Vern Poythress, in the Westminster Theological Journal (70/1  129-42), writes a thought-provoking article about different “Kinds of Biblical Theology.” His aim is “to reassess the present-day possibilities for biblical theology’s relation to systematic theology” and to show how one cannot be done without the other. To start, Poythress sketches a brief history of the term, “biblical theology,” contrasting Geerhardus Vos with Johann Gabler and James Barr. Following Vos, and leaning on the earlier work of Richard Gaffin, Poythress argues for reading the Bible with attentiveness to the divine unity of ‘biblical theology’ and nuanced recognition of the different ‘biblical theologies’ espoused by various biblical authors. He compares biblical theology to a historical, linear representation of Scriptures, while systematic theology attempts to encircle various biblical themes into logical spheres. Both approaches are necessary and heuristically viable, and both should be employed by biblical exegetes.
Moreover, Poythress encourages faithful systematicians and biblical theologians to use both BT and ST to read the Bible. This two-fold approach coheres with the unity and diversity, the history and the logic of the Scripture. Speaking of this, he writes cautioning against oversimplifications in biblical theology:
Why not write the theology of Paul with resurrection and union with Christ as a central organizing theme, while a theology of the Synoptics would have as a central theme the coming of the kingdom of God?

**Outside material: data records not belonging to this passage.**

(* Let $\hat q,\hat p$ be $n\times n$ parametric matrices and $M$ an invertible $n\times n$ $(\hat q,\hat p)$-Manin matrix over $\mathfrak R$. Let $I=(i_1<\dots<i_k)$ be an increasing multi-index and $J=(j_1,\dots,j_k)$ any multi-index, both with entries in $\{1,\dots,n\}$. Then $$\varepsilon(\hat p,I^c\oplus I^{\tau})\,\mathrm{cdet}_{\hat q}(M)\,\mathrm{cdet}_{\hat p'}((M^{-1})_{IJ})=\varepsilon(\hat q,J^c\oplus J^{\tau})\,\mathrm{cdet}_{\hat q}(M_{J^cI^c}),$$ where, when $J$ has a repeated entry, the right-hand side is understood to be $0$.
   Context: $\mathfrak R$ is an associative unital algebra over $\mathbb C$. A parametric $n\times n$ matrix is a matrix $\hat q=(q_{ij})$ of nonzero complex numbers with $q_{ij}q_{ji}=1$, $q_{ii}=1$; $\hat p'=(p'_{ij})$ with $p'_{ij}=p_{ij}^{-1}$. An $n\times n$ matrix $M$ over $\mathfrak R$ is a $(\hat q,\hat p)$-Manin matrix if $M_{ik}M_{jk}=q_{ji}M_{jk}M_{ik}$ for $i<j$ and all $k$, and $M_{ik}M_{jl}-q_{ji}p_{kl}M_{jl}M_{ik}+p_{kl}M_{il}M_{jk}-q_{ji}M_{jk}M_{il}=0$ for $i<j$, $k<l$. For a multi-index $I$ with distinct entries in $\{1,\dots,n\}$, $I^c$ is the increasing multi-index of elements of $\{1,\dots,n\}$ not in $I$; $I^{\tau}=(i_k,\dots,i_1)$ is the reverse; $\oplus$ is juxtaposition. For a multi-index $I$, $\varepsilon(\hat q,I)=0$ if two entries coincide, otherwise $\varepsilon(\hat q,I)=\prod_{s<t,\ i_s>i_t}(-q_{i_si_t})$. For increasing $I=(i_1<\dots<i_r)$ and $\sigma\in S_r$, $\varepsilon(\hat q,I,\sigma)=\prod_{s<t,\ \sigma(s)>\sigma(t)}(-q_{i_{\sigma(s)}i_{\sigma(t)}})$. For any matrix $X$, increasing $I$ and any multi-index $J=(j_1,\dots,j_r)$, $\mathrm{cdet}_{\hat q}(X_{IJ})=\sum_{\sigma\in S_r}\varepsilon(\hat q,I,\sigma)X_{i_{\sigma(1)},j_1}\cdots X_{i_{\sigma(r)},j_r}$ (likewise with any parametric matrix in place of $\hat q$); $\mathrm{cdet}_{\hat q}(X)$ is the case $I=J=(1,\dots,n)$. *)

theory Defs
  imports Complex_Main "HOL-Combinatorics.Permutations"
begin
lemma surj_closure_image_ball_contains_ball:
  fixes P :: "'a::real_normed_vector \<Rightarrow> 'b::banach"
  assumes "surj P"
  obtains k :: nat and y0 r where "r > 0" "ball y0 r \<subseteq> closure (P ` ball 0 (real k))"
proof -
  let ?F = "range (\<lambda>k::nat. closure (P ` ball 0 (real k)))"
  have "\<Union>?F = UNIV"
  proof (intro set_eqI iffI UNIV_I)
    fix y
    obtain x where x: "y = P x" using assms by (rule surjE)
    obtain k :: nat where "norm x < real k" using reals_Archimedean2 by blast
    then have "y \<in> closure (P ` ball 0 (real k))" using x closure_subset by fastforce
    then show "y \<in> \<Union>?F" by blast
  qed
  have "\<exists>U\<in>?F. interior U \<noteq> {}"
  proof (rule ccontr)
    assume "\<not> (\<exists>U\<in>?F. interior U \<noteq> {})"
    then have "euclidean interior_of \<Union>?F = {}"
      by (intro Baire_category_alt) (auto simp: completely_metrizable_space_euclidean)
    with \<open>\<Union>?F = UNIV\<close> show False by simp
  qed
  then obtain k y0 where "y0 \<in> interior (closure (P ` ball 0 (real k)))" by blast
  then obtain r where "r > 0" "ball y0 r \<subseteq> closure (P ` ball 0 (real k))"
    by (auto simp: mem_interior)
  then show ?thesis by (rule that)
qed

lemma surj_linear_approximate_lift:
  fixes P :: "'a::real_normed_vector \<Rightarrow> 'b::banach"
  assumes "linear P" "surj P"
  obtains M where "M \<ge> 0" "\<And>y. \<exists>x. norm x \<le> M * norm y \<and> norm (y - P x) \<le> norm y / 2"
proof -
  obtain k :: nat and y0 r where r: "r > 0" and B: "ball y0 r \<subseteq> closure (P ` ball 0 (real k))"
    by (rule surj_closure_image_ball_contains_ball[OF assms(2)])
  have small: "\<exists>x. norm x < 2 * real k \<and> norm (v - P x) < e" if "norm v < r" "e > 0" for v e
  proof -
    have "y0 + v \<in> closure (P ` ball 0 (real k))" "y0 \<in> closure (P ` ball 0 (real k))"
      using B r that(1) by (auto simp: dist_norm)
    then obtain a b where a: "norm a < real k" "norm (y0 + v - P a) < e / 2"
      and b: "norm b < real k" "norm (y0 - P b) < e / 2"
      using \<open>e > 0\<close> unfolding closure_approachable
      by (auto simp: dist_norm norm_minus_commute dest!: spec[of _ "e / 2"])
    have "v - P (a - b) = (y0 + v - P a) - (y0 - P b)"
      by (simp add: linear_diff[OF assms(1)] algebra_simps)
    then have "norm (v - P (a - b)) \<le> norm (y0 + v - P a) + norm (y0 - P b)"
      by (simp only: norm_triangle_ineq4)
    moreover have "norm (a - b) \<le> norm a + norm b" by (rule norm_triangle_ineq4)
    ultimately show ?thesis using a b by (intro exI[of _ "a - b"]) simp
  qed
  have "\<exists>x. norm x \<le> (4 * real k / r) * norm y \<and> norm (y - P x) \<le> norm y / 2" for y
  proof (cases "y = 0")
    case True
    then show ?thesis by (intro exI[of _ 0]) (simp add: linear_0[OF assms(1)])
  next
    case False
    \<comment> \<open>Rescale \<open>y\<close> into the ball of radius \<open>r\<close>, approximate there within \<open>r/4\<close>, and scale back.\<close>
    define c where "c = r / (2 * norm y)"
    have c: "c > 0" "norm (c *\<^sub>R y) < r" using False r by (simp_all add: c_def)
    then obtain x where x: "norm x < 2 * real k" "norm (c *\<^sub>R y - P x) < r / 4"
      using small[of "c *\<^sub>R y" "r / 4"] r by auto
    have "y - P (x /\<^sub>R c) = (c *\<^sub>R y - P x) /\<^sub>R c"
      using c by (simp add: linear_scale[OF assms(1)] algebra_simps)
    then have "norm (y - P (x /\<^sub>R c)) = norm (c *\<^sub>R y - P x) / c"
      using c by (simp add: divide_inverse_commute)
    also have "\<dots> \<le> (r / 4) / c"
      using x(2) c by (intro divide_right_mono) auto
    also have "\<dots> = norm y / 2"
      using False r by (simp add: c_def field_simps)
    finally have "norm (y - P (x /\<^sub>R c)) \<le> norm y / 2" .
    moreover have "norm (x /\<^sub>R c) \<le> 2 * real k / c"
      using x(1) c by (simp add: field_simps)
    moreover have "2 * real k / c = (4 * real k / r) * norm y"
      using False r by (simp add: c_def field_simps)
    ultimately show ?thesis by (intro exI[of _ "x /\<^sub>R c"]) simp
  qed
  moreover have "4 * real k / r \<ge> 0" using r by simp
  ultimately show ?thesis using that by blast
qed

lemma approximate_lift_imp_lift:
  fixes P :: "'a::banach \<Rightarrow> 'b::real_normed_vector"
  assumes P: "bounded_linear P" and "M \<ge> 0"
    and f_bound: "\<And>y. norm (f y) \<le> M * norm y"
    and f_approx: "\<And>y. norm (y - P (f y)) \<le> norm y / 2"
  shows "\<exists>x. P x = y \<and> norm x \<le> 2 * M * norm y"
proof -
  \<comment> \<open>Correct the residual \<open>r n\<close> again and again; the corrections \<open>f (r n)\<close> form a
      geometrically convergent series whose sum is mapped onto \<open>y\<close>.\<close>
  define r where "r n = ((\<lambda>v. v - P (f v)) ^^ n) y" for n
  define xs where "xs n = f (r n)" for n
  have r_Suc: "r (Suc n) = r n - P (xs n)" for n by (simp add: r_def xs_def)
  have r_bound: "norm (r n) \<le> norm y * (1/2) ^ n" for n
  proof (induction n)
    case (Suc n)
    have "norm (r (Suc n)) \<le> norm (r n) / 2" using f_approx by (simp add: r_Suc xs_def)
    with Suc.IH show ?case by simp
  qed (simp add: r_def)
  have xs_bound: "norm (xs n) \<le> M * norm y * (1/2) ^ n" for n
    using f_bound[of "r n"] mult_left_mono[OF r_bound[of n] \<open>M \<ge> 0\<close>]
    by (simp add: xs_def mult.assoc)
  have geom: "summable (\<lambda>n. M * norm y * (1/2::real) ^ n)"
    by (intro summable_mult summable_geometric) simp
  have norm_summable: "summable (\<lambda>n. norm (xs n))"
    by (rule summable_comparison_test'[OF geom]) (use xs_bound in auto)
  have "r \<longlonglongrightarrow> 0"
  proof (rule tendsto_norm_zero_cancel, rule Lim_null_comparison)
    show "\<forall>\<^sub>F n in sequentially. norm (norm (r n)) \<le> norm y * (1/2) ^ n"
      using r_bound by simp
    show "(\<lambda>n. norm y * (1/2::real) ^ n) \<longlonglongrightarrow> 0"
      by (intro tendsto_mult_right_zero LIMSEQ_power_zero) simp
  qed
  moreover have partial_sums: "(\<Sum>i<n. P (xs i)) = y - r n" for n
    by (induction n) (simp_all add: r_def[of 0] r_Suc)
  ultimately have "(\<lambda>n. P (xs n)) sums y"
    unfolding sums_def partial_sums using tendsto_diff[OF tendsto_const[of y]] by fastforce
  moreover have "(\<lambda>n. P (xs n)) sums P (suminf xs)"
    using bounded_linear.sums[OF P summable_sums[OF summable_norm_cancel[OF norm_summable]]] .
  ultimately have "P (suminf xs) = y" using sums_unique2 by blast
  moreover have "norm (suminf xs) \<le> 2 * M * norm y"
  proof -
    have "norm (suminf xs) \<le> (\<Sum>n. norm (xs n))" by (rule summable_norm[OF norm_summable])
    also have "\<dots> \<le> (\<Sum>n. M * norm y * (1/2::real) ^ n)"
      by (rule suminf_le[OF xs_bound norm_summable geom])
    also have "\<dots> = M * norm y * (\<Sum>n. (1/2::real) ^ n)"
      by (rule suminf_mult) (simp add: summable_geometric)
    also have "\<dots> = 2 * M * norm y"
      using suminf_geometric[of "1/2::real"] by simp
    finally show ?thesis .
  qed
  ultimately show ?thesis by blast
qed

Then a theology of Hebrews would focus on the superiority of Christ, particularly in his high priestly ministry; a theology of John might make central the theme of the revelation of God in Christ; a theology of Revelation might choose theophany and spiritual war as central; a theology of James might make wisdom central; a theology of 1 Peter might choose suffering for Christ as central. A theology of 2 Thessalonians–why not contemplate such a thing?–might make central the hope for the Second Coming. A theology of the Pastoral Epistles might choose the theme of gospel ministry as central.
In laying out such a proposal, Poythress encourages us to read the Bible more carefully. Affirming Scripture’s divine origin, inspiration, and coherence, he cautions that we should not force themes, systems, or concepts on the Bible. Instead, we should read each Spirit-breathed book, author, and genre with attention to the details of the text. BT and ST should work together to unpack the riches of God’s Word, and we should boldly proclaim the spiritual unity and contextual diversity that is found in God’s redemptive history.
May we do so with power and precision.